Directions for this task:
Lines that include "False" make up the answer; copy all of them from the data below.

Data section:
(* Let $(X,\nu)$ be a $\sigma$-finite measure space, let $\omega:X\to(0,\infty)$ be a measurable function, and let $1<q_0\le p_0<\infty$ with $\frac1{p_0}+\frac1{q_0}=1$. Then for every $f\in L^1(X,\nu)\cap L^{q_0}(X,\omega^{1/p_0})$ with $\|f\|_1=1$, the map \[ [p_0,\infty)\to\mathbb{R},\qquad p\mapsto -p\log\|f\|_{q,\omega^{1/p}}, \] where $q$ is given by $\frac1p+\frac1q=1$, is increasing. Equivalently, the map $(1,q_0]\to\mathbb{R}$, $q\mapsto -p\log\|f\|_{q,\omega^{1/p}}$ is decreasing.
   Context: For a measurable $\omega:X\to(0,\infty)$ and $1\le p<\infty$, the weighted space $L^p(X,\omega)$ consists of measurable $f:X\to\mathbb{C}$ with $\|f\|_{p,\omega}=\big(\int_X|f|^p\omega^p\,d\nu\big)^{1/p}<\infty$. Thus $\|f\|_{q,\omega^{1/p}}=\big(\int_X|f|^q\omega^{q/p}\,d\nu\big)^{1/q}$, and $\|f\|_1=\int_X|f|\,d\nu$. *)

theory Defs
  imports "HOL-Analysis.Analysis"
begin

text \<open>Weighted L^p norm: (integral of |f|^p w^p)^(1/p), computed as a nonnegative
  integral; finiteness is asserted separately where membership in L^p(X,w) is needed.\<close>
definition wLp_nn :: "'a measure \<Rightarrow> ('a \<Rightarrow> real) \<Rightarrow> real \<Rightarrow> ('a \<Rightarrow> complex) \<Rightarrow> ennreal" where
  "wLp_nn M w p f = (\<integral>\<^sup>+ x. ennreal (norm (f x) powr p * w x powr p) \<partial>M)"

definition wLp_norm :: "'a measure \<Rightarrow> ('a \<Rightarrow> real) \<Rightarrow> real \<Rightarrow> ('a \<Rightarrow> complex) \<Rightarrow> real" where
  "wLp_norm M w p f = (enn2real (wLp_nn M w p f)) powr (1 / p)"

end

theory Submission
  imports Defs
begin

text \<open>Write \<open>F = |f|\<close>, \<open>G = F \<omega>\<close> and \<open>t = 1/(p - 1)\<close>. For the conjugate exponent
  \<open>q = p/(p - 1)\<close> the integrand of the \<open>q\<close>-th power of the weighted norm is \<open>F G\<^sup>t\<close>,
  so with \<open>I(t) = \<integral> F G\<^sup>t d\<nu>\<close> the quantity \<open>-p log \<parallel>f\<parallel>\<close> equals \<open>-(log I(t)) / t\<close>.
  Since \<open>F d\<nu>\<close> is a probability measure, \<open>I(t) powr (1/t)\<close> is the \<open>L\<^sup>t(F d\<nu>)\<close>-norm of \<open>G\<close>,
  which increases with \<open>t\<close> by Lyapunov's inequality (Jensen for the concave map
  \<open>y \<mapsto> y powr (s/t)\<close>, \<open>s \<le> t\<close>). As \<open>p\<close> increases, \<open>t\<close> decreases.\<close>

lemma powr_le_tangent:
  fixes y r :: real
  assumes "0 < r" "r \<le> 1" "0 \<le> y"
  shows "y powr r \<le> 1 - r + r * y"
proof (cases "y = 0")
  case True
  then show ?thesis using assms by simp
next
  case False
  then have "y powr r * 1 powr (1 - r) \<le> r * y + (1 - r) * 1"
    using assms by (intro Youngs_inequality_0) auto
  then show ?thesis by simp
qed

lemma powr_le_one_add_powr:
  fixes y t t0 :: real
  assumes "0 \<le> y" "0 \<le> t" "t \<le> t0"
  shows "y powr t \<le> 1 + y powr t0"
proof (cases "y \<le> 1")
  case True
  then have "y powr t \<le> 1" using assms by (intro powr_le1) auto
  then show ?thesis by (smt (verit) powr_ge_zero)
next
  case False
  then have "y powr t \<le> y powr t0" using assms by (intro powr_mono) auto
  then show ?thesis by simp
qed

lemma integrable_mult_powr_interpolate:
  fixes h g :: "'a \<Rightarrow> real"
  assumes "integrable M h" "integrable M (\<lambda>x. h x * g x powr t0)"
    and [measurable]: "g \<in> borel_measurable M"
    and h_nonneg: "\<And>x. x \<in> space M \<Longrightarrow> 0 \<le> h x"
    and g_nonneg: "\<And>x. x \<in> space M \<Longrightarrow> 0 \<le> g x"
    and "0 \<le> t" "t \<le> t0"
  shows "integrable M (\<lambda>x. h x * g x powr t)"
proof (rule Bochner_Integration.integrable_bound[OF Bochner_Integration.integrable_add[OF assms(1,2)]])
  have "h \<in> borel_measurable M" using assms(1) by measurable
  then show "(\<lambda>x. h x * g x powr t) \<in> borel_measurable M" by measurable
  show "AE x in M. norm (h x * g x powr t) \<le> norm (h x + h x * g x powr t0)"
  proof (rule AE_I2)
    fix x assume x: "x \<in> space M"
    have "h x * g x powr t \<le> h x * (1 + g x powr t0)"
      using powr_le_one_add_powr[OF g_nonneg[OF x] \<open>0 \<le> t\<close> \<open>t \<le> t0\<close>] h_nonneg[OF x]
      by (rule mult_left_mono)
    then show "norm (h x * g x powr t) \<le> norm (h x + h x * g x powr t0)"
      using h_nonneg[OF x] by (simp add: algebra_simps)
  qed
qed

lemma integral_mult_powr_pos:
  fixes h g :: "'a \<Rightarrow> real"
  assumes int: "integrable M (\<lambda>x. h x * g x powr t)"
    and [measurable]: "h \<in> borel_measurable M" and "(\<integral>x. h x \<partial>M) \<noteq> 0"
    and h_nonneg: "\<And>x. x \<in> space M \<Longrightarrow> 0 \<le> h x"
    and g_nonzero: "\<And>x. x \<in> space M \<Longrightarrow> h x \<noteq> 0 \<Longrightarrow> g x \<noteq> 0"
  shows "0 < (\<integral>x. h x * g x powr t \<partial>M)"
proof -
  have "(\<integral>x. h x * g x powr t \<partial>M) \<noteq> 0"
  proof
    assume "(\<integral>x. h x * g x powr t \<partial>M) = 0"
    then have "AE x in M. h x * g x powr t = 0"
      using int h_nonneg by (subst (asm) integral_nonneg_eq_0_iff_AE) auto
    then have "AE x in M. h x = 0"
      using AE_space by eventually_elim (use g_nonzero in auto)
    then have "(\<integral>x. h x \<partial>M) = 0"
      by (simp add: integral_eq_zero_AE)
    with \<open>(\<integral>x. h x \<partial>M) \<noteq> 0\<close> show False ..
  qed
  moreover have "0 \<le> (\<integral>x. h x * g x powr t \<partial>M)"
    using h_nonneg by (intro Bochner_Integration.integral_nonneg) simp
  ultimately show ?thesis by simp
qed

lemma lyapunov_integral_powr:
  fixes h g :: "'a \<Rightarrow> real"
  assumes h_int: "integrable M h" and h_prob: "(\<integral>x. h x \<partial>M) = 1"
    and h_nonneg: "\<And>x. x \<in> space M \<Longrightarrow> 0 \<le> h x"
    and s_int: "integrable M (\<lambda>x. h x * g x powr s)"
    and t_int: "integrable M (\<lambda>x. h x * g x powr t)"
    and "0 < s" "s \<le> t"
  shows "(\<integral>x. h x * g x powr s \<partial>M) \<le> (\<integral>x. h x * g x powr t \<partial>M) powr (s / t)"
proof -
  define A where "A = (\<integral>x. h x * g x powr t \<partial>M)"
  define r where "r = s / t"
  have r: "0 < r" "r \<le> 1" unfolding r_def using \<open>0 < s\<close> \<open>s \<le> t\<close> by auto
  have A_nonneg: "0 \<le> A"
    unfolding A_def using h_nonneg by (intro Bochner_Integration.integral_nonneg) simp
  show ?thesis
  proof (cases "A = 0")
    case True
    then have "AE x in M. h x * g x powr t = 0"
      unfolding A_def using t_int h_nonneg by (subst (asm) integral_nonneg_eq_0_iff_AE) auto
    then have "AE x in M. h x * g x powr s = 0"
      by eventually_elim auto
    then have "(\<integral>x. h x * g x powr s \<partial>M) = 0"
      by (simp add: integral_eq_zero_AE)
    then show ?thesis by simp
  next
    case False
    with A_nonneg have "0 < A" by simp
    \<comment> \<open>the tangent line of \<open>y \<mapsto> y powr r\<close> at \<open>y = 1\<close>, applied to \<open>y = g\<^sup>t / A\<close>\<close>
    have pointwise: "h x * g x powr s \<le> A powr r * ((1 - r) * h x + (r / A) * (h x * g x powr t))"
      if x: "x \<in> space M" for x
    proof -
      have "g x powr s = (g x powr t / A) powr r * A powr r"
        using \<open>0 < A\<close> \<open>0 < s\<close> \<open>s \<le> t\<close> by (simp add: powr_divide powr_powr r_def)
      also have "\<dots> \<le> (1 - r + r * (g x powr t / A)) * A powr r"
        using powr_le_tangent[OF r, of "g x powr t / A"] \<open>0 < A\<close> by (intro mult_right_mono) auto
      finally show ?thesis
        using mult_left_mono h_nonneg[OF x] by (fastforce simp: algebra_simps)
    qed
    have "(\<integral>x. h x * g x powr s \<partial>M)
        \<le> (\<integral>x. A powr r * ((1 - r) * h x + (r / A) * (h x * g x powr t)) \<partial>M)"
      using pointwise s_int t_int h_int by (intro integral_mono) auto
    also have "\<dots> = A powr r * ((1 - r) * 1 + (r / A) * A)"
      using t_int h_int h_prob by (simp add: A_def)
    also have "\<dots> = A powr r" using \<open>0 < A\<close> by simp
    finally show ?thesis unfolding A_def r_def .
  qed
qed

lemma mono_on_ln_integral_powr_div:
  fixes h g :: "'a \<Rightarrow> real"
  assumes h_int: "integrable M h" and h_prob: "(\<integral>x. h x \<partial>M) = 1"
    and h_nonneg: "\<And>x. x \<in> space M \<Longrightarrow> 0 \<le> h x"
    and g_meas: "g \<in> borel_measurable M" and g_nonneg: "\<And>x. x \<in> space M \<Longrightarrow> 0 \<le> g x"
    and g_nonzero: "\<And>x. x \<in> space M \<Longrightarrow> h x \<noteq> 0 \<Longrightarrow> g x \<noteq> 0"
    and t0_int: "integrable M (\<lambda>x. h x * g x powr t0)"
  shows "mono_on {0<..t0} (\<lambda>t. ln (\<integral>x. h x * g x powr t \<partial>M) / t)"
proof (rule mono_onI)
  fix s t assume st: "s \<in> {0<..t0}" "t \<in> {0<..t0}" "s \<le> t"
  let ?I = "\<lambda>t. \<integral>x. h x * g x powr t \<partial>M"
  have int: "integrable M (\<lambda>x. h x * g x powr u)" if "u \<in> {0<..t0}" for u
    using integrable_mult_powr_interpolate[OF h_int t0_int g_meas h_nonneg g_nonneg] that by simp
  have pos: "0 < ?I u" if "u \<in> {0<..t0}" for u
    using h_prob h_nonneg g_nonzero
    by (intro integral_mult_powr_pos[OF int[OF that]] borel_measurable_integrable[OF h_int]) auto
  have "?I s \<le> ?I t powr (s / t)"
    using st by (intro lyapunov_integral_powr h_int h_prob h_nonneg int) auto
  then have "ln (?I s) \<le> s / t * ln (?I t)"
    using st pos[of s] pos[of t] by (subst ln_powr [symmetric]) (simp del: ln_powr)
  then show "ln (?I s) / s \<le> ln (?I t) / t"
    using st by (simp add: field_simps)
qed

lemma wLp_nn_conjugate_exponent:
  fixes \<omega> :: "'a \<Rightarrow> real"
  assumes "1 < p" "\<And>x. x \<in> space M \<Longrightarrow> 0 \<le> \<omega> x"
  shows "wLp_nn M (\<lambda>x. \<omega> x powr (1 / p)) (p / (p - 1)) f
    = (\<integral>\<^sup>+x. ennreal (norm (f x) * (norm (f x) * \<omega> x) powr (1 / (p - 1))) \<partial>M)"
  unfolding wLp_nn_def
proof (intro nn_integral_cong arg_cong[where f = ennreal])
  fix x assume "x \<in> space M"
  then have "0 \<le> \<omega> x" by (rule assms(2))
  have exp_split: "p / (p - 1) = 1 + 1 / (p - 1)" and exp_prod: "1 / p * (p / (p - 1)) = 1 / (p - 1)"
    using \<open>1 < p\<close> by (simp_all add: field_simps)
  show "norm (f x) powr (p / (p - 1)) * (\<omega> x powr (1 / p)) powr (p / (p - 1))
      = norm (f x) * (norm (f x) * \<omega> x) powr (1 / (p - 1))"
    using \<open>0 \<le> \<omega> x\<close> unfolding powr_powr exp_prod
    by (cases "f x = 0") (simp_all add: exp_split powr_add powr_mult)
qed

lemma wLp_norm_conjugate_exponent:
  fixes \<omega> :: "'a \<Rightarrow> real"
  assumes "1 < p" "\<And>x. x \<in> space M \<Longrightarrow> 0 \<le> \<omega> x"
    and [measurable]: "f \<in> borel_measurable M" "\<omega> \<in> borel_measurable M"
  shows "wLp_norm M (\<lambda>x. \<omega> x powr (1 / p)) (p / (p - 1)) f
    = (\<integral>x. norm (f x) * (norm (f x) * \<omega> x) powr (1 / (p - 1)) \<partial>M) powr ((p - 1) / p)"
proof -
  have "enn2real (wLp_nn M (\<lambda>x. \<omega> x powr (1 / p)) (p / (p - 1)) f)
      = (\<integral>x. norm (f x) * (norm (f x) * \<omega> x) powr (1 / (p - 1)) \<partial>M)"
    using assms(2) by (subst wLp_nn_conjugate_exponent[OF assms(1)])
      (auto intro!: enn2real_nn_integral_eq_integral)
  then show ?thesis by (simp add: wLp_norm_def)
qed

lemma conjugate_exponent:
  fixes p q :: real
  assumes "1 < q" "1 / p + 1 / q = 1"
  shows "1 < p" "q = p / (p - 1)"
proof -
  have "1 / p = (q - 1) / q" using assms by (simp add: field_simps)
  then have p: "p = q / (q - 1)" by (metis divide_divide_eq_right div_by_1 mult_1)
  then show "1 < p" using assms(1) by simp
  show "q = p / (p - 1)" using assms(1) by (simp add: p divide_simps)
qed

theorem proposition2p1:
  fixes M :: "'a measure" and \<omega> :: "'a \<Rightarrow> real" and f :: "'a \<Rightarrow> complex"
    and p0 q0 :: real
  assumes "sigma_finite_measure M"
    and "\<omega> \<in> borel_measurable M" and "\<forall>x\<in>space M. \<omega> x > 0"
    and "1 < q0" and "q0 \<le> p0" and "1 / p0 + 1 / q0 = 1"
    and "integrable M f"
    and "f \<in> borel_measurable M"
    and "wLp_nn M (\<lambda>x. \<omega> x powr (1 / p0)) q0 f < \<infinity>"
    and "(\<integral>x. norm (f x) \<partial>M) = 1"
  shows "mono_on {p0..}
           (\<lambda>p. - p * ln (wLp_norm M (\<lambda>x. \<omega> x powr (1 / p)) (p / (p - 1)) f))"
proof -
  note [measurable] = assms(2,8)
  have \<omega>_nonneg: "\<And>x. x \<in> space M \<Longrightarrow> 0 \<le> \<omega> x" using assms(3) by (simp add: less_imp_le)
  have "1 < p0" and q0: "q0 = p0 / (p0 - 1)" using conjugate_exponent[OF assms(4,6)] by auto
  define h where "h x = norm (f x)" for x
  define g where "g x = norm (f x) * \<omega> x" for x
  define I where "I t = (\<integral>x. h x * g x powr t \<partial>M)" for t
  define t0 where "t0 = 1 / (p0 - 1)"
  have "(\<integral>\<^sup>+x. ennreal (h x * g x powr t0) \<partial>M) < \<infinity>"
    using assms(9) wLp_nn_conjugate_exponent[OF \<open>1 < p0\<close>, of M \<omega> f] \<omega>_nonneg
    by (simp add: q0 h_def g_def t0_def)
  then have "integrable M (\<lambda>x. h x * g x powr t0)"
    by (intro integrableI_nonneg) (simp_all add: h_def g_def)
  then have mono: "mono_on {0<..t0} (\<lambda>t. ln (I t) / t)"
    unfolding I_def using assms(3,7,10) \<omega>_nonneg
    by (intro mono_on_ln_integral_powr_div) (auto simp: h_def g_def)
  have eq: "- p * ln (wLp_norm M (\<lambda>x. \<omega> x powr (1 / p)) (p / (p - 1)) f)
      = - (ln (I (1 / (p - 1))) / (1 / (p - 1)))" if "p0 \<le> p" for p
    using that \<open>1 < p0\<close> \<omega>_nonneg
    by (simp add: wLp_norm_conjugate_exponent I_def h_def g_def)
  show ?thesis
  proof (rule mono_onI)
    fix p p' assume "p \<in> {p0..}" "p' \<in> {p0..}" "p \<le> p'"
    then have "1 / (p' - 1) \<in> {0<..t0}" "1 / (p - 1) \<in> {0<..t0}" "1 / (p' - 1) \<le> 1 / (p - 1)"
      using \<open>1 < p0\<close> by (auto simp: t0_def intro!: divide_left_mono)
    then have "ln (I (1 / (p' - 1))) / (1 / (p' - 1)) \<le> ln (I (1 / (p - 1))) / (1 / (p - 1))"
      by (rule mono_onD[OF mono])
    then show "- p * ln (wLp_norm M (\<lambda>x. \<omega> x powr (1 / p)) (p / (p - 1)) f)
        \<le> - p' * ln (wLp_norm M (\<lambda>x. \<omega> x powr (1 / p')) (p' / (p' - 1)) f)"
      using \<open>p \<in> {p0..}\<close> \<open>p' \<in> {p0..}\<close> by (simp only: eq atLeast_iff)
  qed
qed

end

Answer below:
  case False
  case False
    with \<open>(\<integral>x. h x \<partial>M) \<noteq> 0\<close> show False ..
    case False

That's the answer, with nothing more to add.